> Records provided:
■ ■ ■

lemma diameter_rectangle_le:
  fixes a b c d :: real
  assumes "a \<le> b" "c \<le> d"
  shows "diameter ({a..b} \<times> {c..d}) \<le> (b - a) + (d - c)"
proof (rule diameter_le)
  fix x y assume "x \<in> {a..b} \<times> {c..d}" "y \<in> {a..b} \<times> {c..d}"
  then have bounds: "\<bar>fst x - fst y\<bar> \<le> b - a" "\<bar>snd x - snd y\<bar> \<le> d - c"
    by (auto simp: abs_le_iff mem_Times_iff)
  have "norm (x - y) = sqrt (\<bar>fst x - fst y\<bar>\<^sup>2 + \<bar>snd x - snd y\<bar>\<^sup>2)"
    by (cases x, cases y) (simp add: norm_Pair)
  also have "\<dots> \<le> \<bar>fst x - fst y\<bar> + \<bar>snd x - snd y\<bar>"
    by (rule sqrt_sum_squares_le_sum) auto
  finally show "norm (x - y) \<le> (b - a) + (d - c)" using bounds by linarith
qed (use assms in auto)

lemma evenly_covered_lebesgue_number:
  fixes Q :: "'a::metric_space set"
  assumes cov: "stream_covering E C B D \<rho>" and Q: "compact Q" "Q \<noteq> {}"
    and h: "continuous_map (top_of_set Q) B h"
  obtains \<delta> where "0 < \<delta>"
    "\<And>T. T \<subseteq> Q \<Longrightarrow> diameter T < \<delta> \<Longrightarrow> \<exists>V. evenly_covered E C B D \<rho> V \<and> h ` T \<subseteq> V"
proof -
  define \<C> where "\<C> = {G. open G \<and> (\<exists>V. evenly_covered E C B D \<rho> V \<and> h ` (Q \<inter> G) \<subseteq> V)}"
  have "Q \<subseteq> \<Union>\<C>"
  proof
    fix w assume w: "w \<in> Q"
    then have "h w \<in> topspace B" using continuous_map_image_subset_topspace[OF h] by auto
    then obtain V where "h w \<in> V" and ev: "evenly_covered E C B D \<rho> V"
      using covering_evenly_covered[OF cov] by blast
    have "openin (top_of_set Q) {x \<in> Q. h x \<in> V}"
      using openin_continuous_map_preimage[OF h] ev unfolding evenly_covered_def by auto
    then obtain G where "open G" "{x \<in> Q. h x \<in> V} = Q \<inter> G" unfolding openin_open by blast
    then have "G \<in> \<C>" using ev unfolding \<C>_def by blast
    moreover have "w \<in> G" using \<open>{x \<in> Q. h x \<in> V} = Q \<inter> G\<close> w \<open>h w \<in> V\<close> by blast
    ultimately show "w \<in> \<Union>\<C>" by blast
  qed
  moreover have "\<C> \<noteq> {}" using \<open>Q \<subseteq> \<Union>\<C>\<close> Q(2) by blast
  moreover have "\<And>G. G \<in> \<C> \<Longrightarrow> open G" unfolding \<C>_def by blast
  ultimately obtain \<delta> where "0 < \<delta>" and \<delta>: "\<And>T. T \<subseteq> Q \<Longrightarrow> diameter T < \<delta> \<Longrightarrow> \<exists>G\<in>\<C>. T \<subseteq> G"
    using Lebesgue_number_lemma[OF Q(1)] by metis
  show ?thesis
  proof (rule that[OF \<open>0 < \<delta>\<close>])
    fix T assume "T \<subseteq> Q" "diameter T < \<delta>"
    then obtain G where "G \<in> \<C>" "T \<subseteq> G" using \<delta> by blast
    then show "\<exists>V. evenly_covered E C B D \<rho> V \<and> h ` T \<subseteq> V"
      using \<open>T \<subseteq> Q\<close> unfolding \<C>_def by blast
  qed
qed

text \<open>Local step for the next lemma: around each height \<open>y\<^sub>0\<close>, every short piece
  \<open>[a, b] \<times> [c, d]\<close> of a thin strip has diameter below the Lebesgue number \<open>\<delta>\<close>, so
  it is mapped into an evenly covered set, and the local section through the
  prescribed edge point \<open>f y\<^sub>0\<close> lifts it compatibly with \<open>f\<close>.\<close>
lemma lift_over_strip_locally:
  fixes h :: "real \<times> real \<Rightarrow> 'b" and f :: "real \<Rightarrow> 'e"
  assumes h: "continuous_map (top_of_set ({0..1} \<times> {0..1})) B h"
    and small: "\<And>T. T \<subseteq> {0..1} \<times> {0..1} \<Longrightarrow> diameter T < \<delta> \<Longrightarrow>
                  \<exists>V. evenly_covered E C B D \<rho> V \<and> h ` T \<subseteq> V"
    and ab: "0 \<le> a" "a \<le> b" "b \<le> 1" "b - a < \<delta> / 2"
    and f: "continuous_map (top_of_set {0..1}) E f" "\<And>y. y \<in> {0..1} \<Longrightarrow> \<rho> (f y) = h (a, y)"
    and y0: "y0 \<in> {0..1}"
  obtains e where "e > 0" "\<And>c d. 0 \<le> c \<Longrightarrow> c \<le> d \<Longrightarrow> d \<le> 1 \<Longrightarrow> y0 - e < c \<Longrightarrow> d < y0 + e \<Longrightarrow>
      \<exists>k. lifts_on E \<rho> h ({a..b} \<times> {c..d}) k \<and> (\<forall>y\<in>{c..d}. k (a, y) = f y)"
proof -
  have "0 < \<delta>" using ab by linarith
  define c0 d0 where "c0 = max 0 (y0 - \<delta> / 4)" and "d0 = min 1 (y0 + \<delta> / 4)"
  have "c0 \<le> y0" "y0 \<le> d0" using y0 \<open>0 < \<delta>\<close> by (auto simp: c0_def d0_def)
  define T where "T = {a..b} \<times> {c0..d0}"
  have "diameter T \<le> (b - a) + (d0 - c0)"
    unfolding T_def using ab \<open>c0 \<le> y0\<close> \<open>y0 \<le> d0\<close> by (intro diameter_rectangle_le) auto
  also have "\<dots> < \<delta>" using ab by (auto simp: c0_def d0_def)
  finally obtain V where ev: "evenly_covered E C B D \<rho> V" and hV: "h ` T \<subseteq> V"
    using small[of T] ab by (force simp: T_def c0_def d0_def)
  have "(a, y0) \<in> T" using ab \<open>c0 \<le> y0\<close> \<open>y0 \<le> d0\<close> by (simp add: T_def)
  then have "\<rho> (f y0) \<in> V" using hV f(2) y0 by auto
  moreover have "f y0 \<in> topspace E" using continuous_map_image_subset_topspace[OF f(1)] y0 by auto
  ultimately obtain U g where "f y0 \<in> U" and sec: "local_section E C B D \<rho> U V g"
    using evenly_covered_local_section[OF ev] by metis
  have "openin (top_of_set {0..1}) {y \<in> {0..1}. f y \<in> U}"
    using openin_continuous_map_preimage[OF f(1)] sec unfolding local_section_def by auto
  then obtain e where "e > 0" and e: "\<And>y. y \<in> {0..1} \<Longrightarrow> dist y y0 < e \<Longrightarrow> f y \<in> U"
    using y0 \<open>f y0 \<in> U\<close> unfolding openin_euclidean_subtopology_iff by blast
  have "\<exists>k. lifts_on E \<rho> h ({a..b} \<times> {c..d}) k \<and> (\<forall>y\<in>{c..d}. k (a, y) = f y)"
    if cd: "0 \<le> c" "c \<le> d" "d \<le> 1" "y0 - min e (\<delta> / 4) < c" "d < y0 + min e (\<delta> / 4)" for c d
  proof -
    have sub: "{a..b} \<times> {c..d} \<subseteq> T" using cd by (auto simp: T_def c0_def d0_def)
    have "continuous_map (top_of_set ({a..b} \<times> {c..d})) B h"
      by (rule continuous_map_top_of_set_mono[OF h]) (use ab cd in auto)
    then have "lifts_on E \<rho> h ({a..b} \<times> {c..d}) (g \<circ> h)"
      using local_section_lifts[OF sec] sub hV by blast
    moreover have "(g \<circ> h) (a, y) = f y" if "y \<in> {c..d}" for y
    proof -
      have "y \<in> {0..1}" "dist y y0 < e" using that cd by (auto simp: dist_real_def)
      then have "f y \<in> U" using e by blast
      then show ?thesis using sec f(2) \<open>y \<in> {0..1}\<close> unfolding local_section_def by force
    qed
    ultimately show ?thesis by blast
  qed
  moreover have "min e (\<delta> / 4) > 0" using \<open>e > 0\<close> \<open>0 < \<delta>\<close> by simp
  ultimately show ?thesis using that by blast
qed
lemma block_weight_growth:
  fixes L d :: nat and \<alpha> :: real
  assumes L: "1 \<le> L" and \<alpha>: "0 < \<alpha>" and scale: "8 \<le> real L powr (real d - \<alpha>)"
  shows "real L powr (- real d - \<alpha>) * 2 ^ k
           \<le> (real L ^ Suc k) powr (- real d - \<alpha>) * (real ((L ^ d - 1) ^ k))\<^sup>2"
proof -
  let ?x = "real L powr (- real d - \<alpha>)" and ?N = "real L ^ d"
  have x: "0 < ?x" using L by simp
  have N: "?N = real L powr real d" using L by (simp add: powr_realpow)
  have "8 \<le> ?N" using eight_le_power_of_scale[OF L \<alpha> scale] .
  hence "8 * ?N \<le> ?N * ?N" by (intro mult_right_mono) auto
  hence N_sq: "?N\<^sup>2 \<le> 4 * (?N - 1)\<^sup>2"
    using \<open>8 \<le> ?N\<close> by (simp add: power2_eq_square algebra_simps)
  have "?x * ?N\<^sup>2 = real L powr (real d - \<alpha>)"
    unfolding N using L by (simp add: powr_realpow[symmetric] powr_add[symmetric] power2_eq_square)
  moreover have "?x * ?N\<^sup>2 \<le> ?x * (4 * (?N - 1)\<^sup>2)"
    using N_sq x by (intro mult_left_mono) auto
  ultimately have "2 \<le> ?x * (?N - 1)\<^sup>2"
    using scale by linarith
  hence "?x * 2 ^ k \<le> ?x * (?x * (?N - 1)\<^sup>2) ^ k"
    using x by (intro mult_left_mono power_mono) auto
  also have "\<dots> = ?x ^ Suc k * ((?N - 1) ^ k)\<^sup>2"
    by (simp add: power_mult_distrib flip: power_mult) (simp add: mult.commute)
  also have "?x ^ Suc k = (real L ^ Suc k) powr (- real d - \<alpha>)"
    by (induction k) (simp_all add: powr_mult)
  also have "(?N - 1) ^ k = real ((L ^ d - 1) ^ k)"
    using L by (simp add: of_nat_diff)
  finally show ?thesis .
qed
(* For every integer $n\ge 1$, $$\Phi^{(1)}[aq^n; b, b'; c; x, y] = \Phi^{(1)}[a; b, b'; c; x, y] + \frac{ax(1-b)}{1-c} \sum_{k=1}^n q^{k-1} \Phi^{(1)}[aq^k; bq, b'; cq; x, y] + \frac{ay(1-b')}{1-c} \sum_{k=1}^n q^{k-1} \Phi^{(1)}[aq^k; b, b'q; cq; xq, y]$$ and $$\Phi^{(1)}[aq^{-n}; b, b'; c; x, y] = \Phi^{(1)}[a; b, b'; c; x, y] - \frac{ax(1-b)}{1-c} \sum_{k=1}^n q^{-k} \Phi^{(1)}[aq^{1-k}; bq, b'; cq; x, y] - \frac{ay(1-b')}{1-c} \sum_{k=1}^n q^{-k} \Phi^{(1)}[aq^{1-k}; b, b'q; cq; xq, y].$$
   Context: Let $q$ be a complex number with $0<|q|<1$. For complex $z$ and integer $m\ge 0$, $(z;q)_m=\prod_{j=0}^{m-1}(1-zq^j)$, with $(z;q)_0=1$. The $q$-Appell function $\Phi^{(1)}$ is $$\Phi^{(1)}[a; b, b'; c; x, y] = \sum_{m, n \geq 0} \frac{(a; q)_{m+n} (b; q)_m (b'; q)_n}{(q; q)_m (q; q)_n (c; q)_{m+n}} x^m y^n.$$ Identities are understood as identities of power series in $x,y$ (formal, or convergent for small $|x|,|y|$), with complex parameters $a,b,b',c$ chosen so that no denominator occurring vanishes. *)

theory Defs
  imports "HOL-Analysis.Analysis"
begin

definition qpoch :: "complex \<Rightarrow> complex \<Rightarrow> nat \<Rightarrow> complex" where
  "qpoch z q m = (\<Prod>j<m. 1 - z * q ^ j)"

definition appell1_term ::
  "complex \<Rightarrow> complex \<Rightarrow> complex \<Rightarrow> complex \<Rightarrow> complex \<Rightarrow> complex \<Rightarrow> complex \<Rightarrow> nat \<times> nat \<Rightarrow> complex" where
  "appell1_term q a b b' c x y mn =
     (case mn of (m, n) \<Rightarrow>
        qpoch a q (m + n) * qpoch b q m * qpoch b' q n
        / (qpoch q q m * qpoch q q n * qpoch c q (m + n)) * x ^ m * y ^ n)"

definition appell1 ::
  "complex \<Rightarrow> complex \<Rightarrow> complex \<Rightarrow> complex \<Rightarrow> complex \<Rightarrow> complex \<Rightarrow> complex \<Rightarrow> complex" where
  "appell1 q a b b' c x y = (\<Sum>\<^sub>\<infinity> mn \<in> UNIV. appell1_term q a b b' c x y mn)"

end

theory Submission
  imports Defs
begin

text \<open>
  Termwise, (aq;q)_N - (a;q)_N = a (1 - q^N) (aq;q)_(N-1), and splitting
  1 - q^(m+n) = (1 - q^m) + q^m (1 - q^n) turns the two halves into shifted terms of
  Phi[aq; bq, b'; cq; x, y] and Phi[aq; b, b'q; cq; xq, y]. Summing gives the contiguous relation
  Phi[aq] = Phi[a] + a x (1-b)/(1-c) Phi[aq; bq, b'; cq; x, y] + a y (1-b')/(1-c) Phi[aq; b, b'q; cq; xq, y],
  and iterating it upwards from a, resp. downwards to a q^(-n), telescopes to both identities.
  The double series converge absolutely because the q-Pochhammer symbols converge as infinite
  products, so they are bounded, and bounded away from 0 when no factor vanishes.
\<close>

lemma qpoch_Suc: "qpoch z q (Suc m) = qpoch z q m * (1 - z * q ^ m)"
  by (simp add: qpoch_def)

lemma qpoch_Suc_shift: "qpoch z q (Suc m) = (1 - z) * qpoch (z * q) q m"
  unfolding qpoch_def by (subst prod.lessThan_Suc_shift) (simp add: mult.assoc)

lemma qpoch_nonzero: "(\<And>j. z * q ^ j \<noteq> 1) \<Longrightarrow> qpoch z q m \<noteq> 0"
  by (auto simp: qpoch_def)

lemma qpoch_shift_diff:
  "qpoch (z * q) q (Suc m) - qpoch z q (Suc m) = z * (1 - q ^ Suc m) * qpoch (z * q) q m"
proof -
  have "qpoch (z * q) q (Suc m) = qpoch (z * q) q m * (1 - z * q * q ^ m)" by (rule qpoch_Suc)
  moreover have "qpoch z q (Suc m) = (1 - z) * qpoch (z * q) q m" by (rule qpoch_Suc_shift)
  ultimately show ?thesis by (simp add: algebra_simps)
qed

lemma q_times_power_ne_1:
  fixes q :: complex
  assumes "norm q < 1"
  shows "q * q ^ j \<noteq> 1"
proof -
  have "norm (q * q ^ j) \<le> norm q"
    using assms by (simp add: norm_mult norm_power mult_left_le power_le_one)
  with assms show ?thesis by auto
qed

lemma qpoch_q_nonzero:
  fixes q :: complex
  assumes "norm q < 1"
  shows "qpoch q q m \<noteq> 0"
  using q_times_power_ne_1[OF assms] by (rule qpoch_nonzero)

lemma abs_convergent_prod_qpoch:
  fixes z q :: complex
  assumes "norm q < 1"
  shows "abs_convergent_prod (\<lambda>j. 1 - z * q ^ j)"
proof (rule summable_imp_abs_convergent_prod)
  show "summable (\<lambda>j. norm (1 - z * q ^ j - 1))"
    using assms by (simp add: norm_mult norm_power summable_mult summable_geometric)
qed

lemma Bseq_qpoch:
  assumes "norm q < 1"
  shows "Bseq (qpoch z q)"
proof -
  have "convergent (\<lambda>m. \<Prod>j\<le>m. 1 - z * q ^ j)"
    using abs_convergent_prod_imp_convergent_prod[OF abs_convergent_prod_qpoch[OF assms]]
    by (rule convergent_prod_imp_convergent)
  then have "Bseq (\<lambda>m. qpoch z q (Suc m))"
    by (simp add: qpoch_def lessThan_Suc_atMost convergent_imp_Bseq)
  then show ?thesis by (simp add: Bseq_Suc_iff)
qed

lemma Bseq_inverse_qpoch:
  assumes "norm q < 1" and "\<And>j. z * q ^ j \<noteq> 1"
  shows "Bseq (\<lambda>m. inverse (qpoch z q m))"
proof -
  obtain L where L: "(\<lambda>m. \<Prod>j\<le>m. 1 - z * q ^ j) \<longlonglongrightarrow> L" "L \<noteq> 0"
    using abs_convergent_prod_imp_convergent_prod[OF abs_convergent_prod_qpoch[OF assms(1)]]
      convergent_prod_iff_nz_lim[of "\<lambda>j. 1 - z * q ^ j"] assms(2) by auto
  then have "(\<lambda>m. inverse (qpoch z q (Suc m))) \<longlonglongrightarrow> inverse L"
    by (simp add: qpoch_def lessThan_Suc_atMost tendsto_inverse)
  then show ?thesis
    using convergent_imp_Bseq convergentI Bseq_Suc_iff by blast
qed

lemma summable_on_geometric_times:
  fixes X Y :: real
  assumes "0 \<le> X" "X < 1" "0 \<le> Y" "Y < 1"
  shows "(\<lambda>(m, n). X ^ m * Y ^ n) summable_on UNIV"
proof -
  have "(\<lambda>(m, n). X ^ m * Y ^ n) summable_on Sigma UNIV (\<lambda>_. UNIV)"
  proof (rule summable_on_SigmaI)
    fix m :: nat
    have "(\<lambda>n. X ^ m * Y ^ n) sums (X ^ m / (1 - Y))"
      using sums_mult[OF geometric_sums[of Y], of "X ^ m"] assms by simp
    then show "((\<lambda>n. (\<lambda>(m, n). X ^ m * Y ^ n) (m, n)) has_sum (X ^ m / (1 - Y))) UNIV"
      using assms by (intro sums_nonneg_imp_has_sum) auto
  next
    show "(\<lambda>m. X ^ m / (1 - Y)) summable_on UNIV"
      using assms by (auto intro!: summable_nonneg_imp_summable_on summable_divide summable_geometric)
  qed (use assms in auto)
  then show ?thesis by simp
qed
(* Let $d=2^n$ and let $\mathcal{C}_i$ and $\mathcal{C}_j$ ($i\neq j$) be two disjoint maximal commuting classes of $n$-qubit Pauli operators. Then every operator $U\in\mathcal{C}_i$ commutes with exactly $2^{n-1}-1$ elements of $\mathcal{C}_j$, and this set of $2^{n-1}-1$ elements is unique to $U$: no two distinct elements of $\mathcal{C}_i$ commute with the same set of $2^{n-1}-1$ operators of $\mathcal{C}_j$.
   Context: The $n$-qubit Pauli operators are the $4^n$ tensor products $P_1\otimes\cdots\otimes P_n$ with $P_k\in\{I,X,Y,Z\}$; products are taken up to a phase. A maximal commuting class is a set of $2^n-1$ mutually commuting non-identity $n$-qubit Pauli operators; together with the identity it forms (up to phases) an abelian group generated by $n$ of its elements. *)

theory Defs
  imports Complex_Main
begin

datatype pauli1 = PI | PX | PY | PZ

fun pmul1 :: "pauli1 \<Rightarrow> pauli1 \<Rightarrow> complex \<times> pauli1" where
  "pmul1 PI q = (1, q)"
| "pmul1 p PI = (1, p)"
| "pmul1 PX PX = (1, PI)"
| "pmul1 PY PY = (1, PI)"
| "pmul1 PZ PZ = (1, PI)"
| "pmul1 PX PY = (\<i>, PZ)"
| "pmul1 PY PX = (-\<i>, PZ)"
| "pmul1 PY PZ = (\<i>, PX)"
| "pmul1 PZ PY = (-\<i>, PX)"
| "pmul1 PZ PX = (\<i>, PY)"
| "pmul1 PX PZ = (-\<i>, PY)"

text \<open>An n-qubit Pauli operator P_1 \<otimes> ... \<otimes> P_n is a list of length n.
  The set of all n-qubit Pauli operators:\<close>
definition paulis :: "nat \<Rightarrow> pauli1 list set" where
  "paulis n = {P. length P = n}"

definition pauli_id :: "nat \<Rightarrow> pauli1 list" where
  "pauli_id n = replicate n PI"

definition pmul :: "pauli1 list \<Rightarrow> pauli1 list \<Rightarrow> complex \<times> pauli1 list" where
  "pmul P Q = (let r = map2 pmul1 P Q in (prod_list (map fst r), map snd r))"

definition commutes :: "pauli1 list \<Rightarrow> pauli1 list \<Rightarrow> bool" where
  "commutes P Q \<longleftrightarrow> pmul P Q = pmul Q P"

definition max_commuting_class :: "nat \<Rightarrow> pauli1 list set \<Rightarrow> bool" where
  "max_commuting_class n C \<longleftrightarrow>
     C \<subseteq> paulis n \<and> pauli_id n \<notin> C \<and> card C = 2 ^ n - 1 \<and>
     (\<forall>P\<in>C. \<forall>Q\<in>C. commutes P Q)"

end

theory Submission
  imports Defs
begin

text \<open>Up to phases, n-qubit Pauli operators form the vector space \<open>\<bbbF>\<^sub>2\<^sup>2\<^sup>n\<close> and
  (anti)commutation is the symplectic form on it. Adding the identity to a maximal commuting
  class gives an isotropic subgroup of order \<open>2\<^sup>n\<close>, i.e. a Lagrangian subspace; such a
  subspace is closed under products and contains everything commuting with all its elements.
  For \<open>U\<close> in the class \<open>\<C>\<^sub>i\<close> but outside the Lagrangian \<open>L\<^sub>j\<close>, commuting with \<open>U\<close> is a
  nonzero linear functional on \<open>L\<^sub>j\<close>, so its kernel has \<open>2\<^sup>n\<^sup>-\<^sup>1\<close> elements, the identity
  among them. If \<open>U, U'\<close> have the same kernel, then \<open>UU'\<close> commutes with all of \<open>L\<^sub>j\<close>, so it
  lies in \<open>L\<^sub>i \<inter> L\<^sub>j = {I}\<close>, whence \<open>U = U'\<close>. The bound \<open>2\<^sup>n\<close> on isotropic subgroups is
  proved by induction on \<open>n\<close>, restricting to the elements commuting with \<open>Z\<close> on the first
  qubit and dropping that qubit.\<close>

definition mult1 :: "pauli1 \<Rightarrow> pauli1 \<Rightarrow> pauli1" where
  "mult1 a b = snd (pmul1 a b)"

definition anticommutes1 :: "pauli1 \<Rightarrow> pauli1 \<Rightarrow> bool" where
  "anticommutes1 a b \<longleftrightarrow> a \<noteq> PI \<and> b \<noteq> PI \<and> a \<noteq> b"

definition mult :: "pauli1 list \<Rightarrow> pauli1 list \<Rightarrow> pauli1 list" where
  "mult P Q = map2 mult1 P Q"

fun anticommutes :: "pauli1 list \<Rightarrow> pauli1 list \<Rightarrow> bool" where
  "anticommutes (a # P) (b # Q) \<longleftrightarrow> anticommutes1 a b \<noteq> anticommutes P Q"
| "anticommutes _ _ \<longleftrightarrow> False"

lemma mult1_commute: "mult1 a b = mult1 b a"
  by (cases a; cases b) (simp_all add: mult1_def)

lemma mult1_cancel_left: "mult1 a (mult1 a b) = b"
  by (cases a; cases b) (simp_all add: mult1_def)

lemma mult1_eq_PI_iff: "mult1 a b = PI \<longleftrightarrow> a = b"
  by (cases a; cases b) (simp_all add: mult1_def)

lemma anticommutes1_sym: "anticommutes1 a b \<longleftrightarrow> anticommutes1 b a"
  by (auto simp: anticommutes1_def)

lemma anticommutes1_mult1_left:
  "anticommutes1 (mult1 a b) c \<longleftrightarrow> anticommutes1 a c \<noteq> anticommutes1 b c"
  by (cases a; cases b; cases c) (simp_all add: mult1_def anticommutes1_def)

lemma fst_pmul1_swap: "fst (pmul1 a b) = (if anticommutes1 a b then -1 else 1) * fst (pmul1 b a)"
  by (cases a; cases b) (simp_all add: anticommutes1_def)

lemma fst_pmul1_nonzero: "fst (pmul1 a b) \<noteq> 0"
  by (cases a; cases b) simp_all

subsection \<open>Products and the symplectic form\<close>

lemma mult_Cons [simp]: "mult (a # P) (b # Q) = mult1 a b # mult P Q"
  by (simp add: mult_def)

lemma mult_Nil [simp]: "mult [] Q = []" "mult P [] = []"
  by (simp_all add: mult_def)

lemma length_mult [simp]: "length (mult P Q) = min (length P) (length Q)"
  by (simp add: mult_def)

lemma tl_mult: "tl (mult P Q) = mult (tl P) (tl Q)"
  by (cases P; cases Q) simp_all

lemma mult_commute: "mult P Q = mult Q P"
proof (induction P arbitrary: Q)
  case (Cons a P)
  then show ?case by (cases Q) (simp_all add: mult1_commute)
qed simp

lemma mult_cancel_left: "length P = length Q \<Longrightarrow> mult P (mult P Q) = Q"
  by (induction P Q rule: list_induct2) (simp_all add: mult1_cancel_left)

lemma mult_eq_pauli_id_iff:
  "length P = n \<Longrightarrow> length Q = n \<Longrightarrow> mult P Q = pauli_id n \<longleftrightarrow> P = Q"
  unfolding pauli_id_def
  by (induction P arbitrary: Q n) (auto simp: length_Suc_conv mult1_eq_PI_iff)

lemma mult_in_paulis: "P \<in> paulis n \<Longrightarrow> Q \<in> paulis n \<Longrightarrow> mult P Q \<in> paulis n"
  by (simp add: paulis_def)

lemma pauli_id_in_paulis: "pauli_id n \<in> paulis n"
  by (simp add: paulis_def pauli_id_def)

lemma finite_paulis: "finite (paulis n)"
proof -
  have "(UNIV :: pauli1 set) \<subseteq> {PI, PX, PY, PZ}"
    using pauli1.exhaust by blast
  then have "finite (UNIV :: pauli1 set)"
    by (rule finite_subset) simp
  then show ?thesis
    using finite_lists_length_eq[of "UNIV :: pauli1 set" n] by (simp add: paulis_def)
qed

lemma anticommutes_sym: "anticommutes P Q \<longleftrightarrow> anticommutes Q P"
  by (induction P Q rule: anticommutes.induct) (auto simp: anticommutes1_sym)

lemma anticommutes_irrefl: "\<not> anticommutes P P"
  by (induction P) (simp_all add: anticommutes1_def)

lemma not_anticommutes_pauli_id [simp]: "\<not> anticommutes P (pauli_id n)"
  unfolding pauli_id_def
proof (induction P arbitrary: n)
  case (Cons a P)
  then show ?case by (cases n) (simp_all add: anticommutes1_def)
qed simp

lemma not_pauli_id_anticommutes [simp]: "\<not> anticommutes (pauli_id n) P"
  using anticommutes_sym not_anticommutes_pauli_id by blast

■ ■ ■

> What needs to be done: Find "same" in the data above. Report each line where it appears.

> Answer to the problem:
(* Let $d=2^n$ and let $\mathcal{C}_i$ and $\mathcal{C}_j$ ($i\neq j$) be two disjoint maximal commuting classes of $n$-qubit Pauli operators. Then every operator $U\in\mathcal{C}_i$ commutes with exactly $2^{n-1}-1$ elements of $\mathcal{C}_j$, and this set of $2^{n-1}-1$ elements is unique to $U$: no two distinct elements of $\mathcal{C}_i$ commute with the same set of $2^{n-1}-1$ operators of $\mathcal{C}_j$.
  among them. If \<open>U, U'\<close> have the same kernel, then \<open>UU'\<close> commutes with all of \<open>L\<^sub>j\<close>, so it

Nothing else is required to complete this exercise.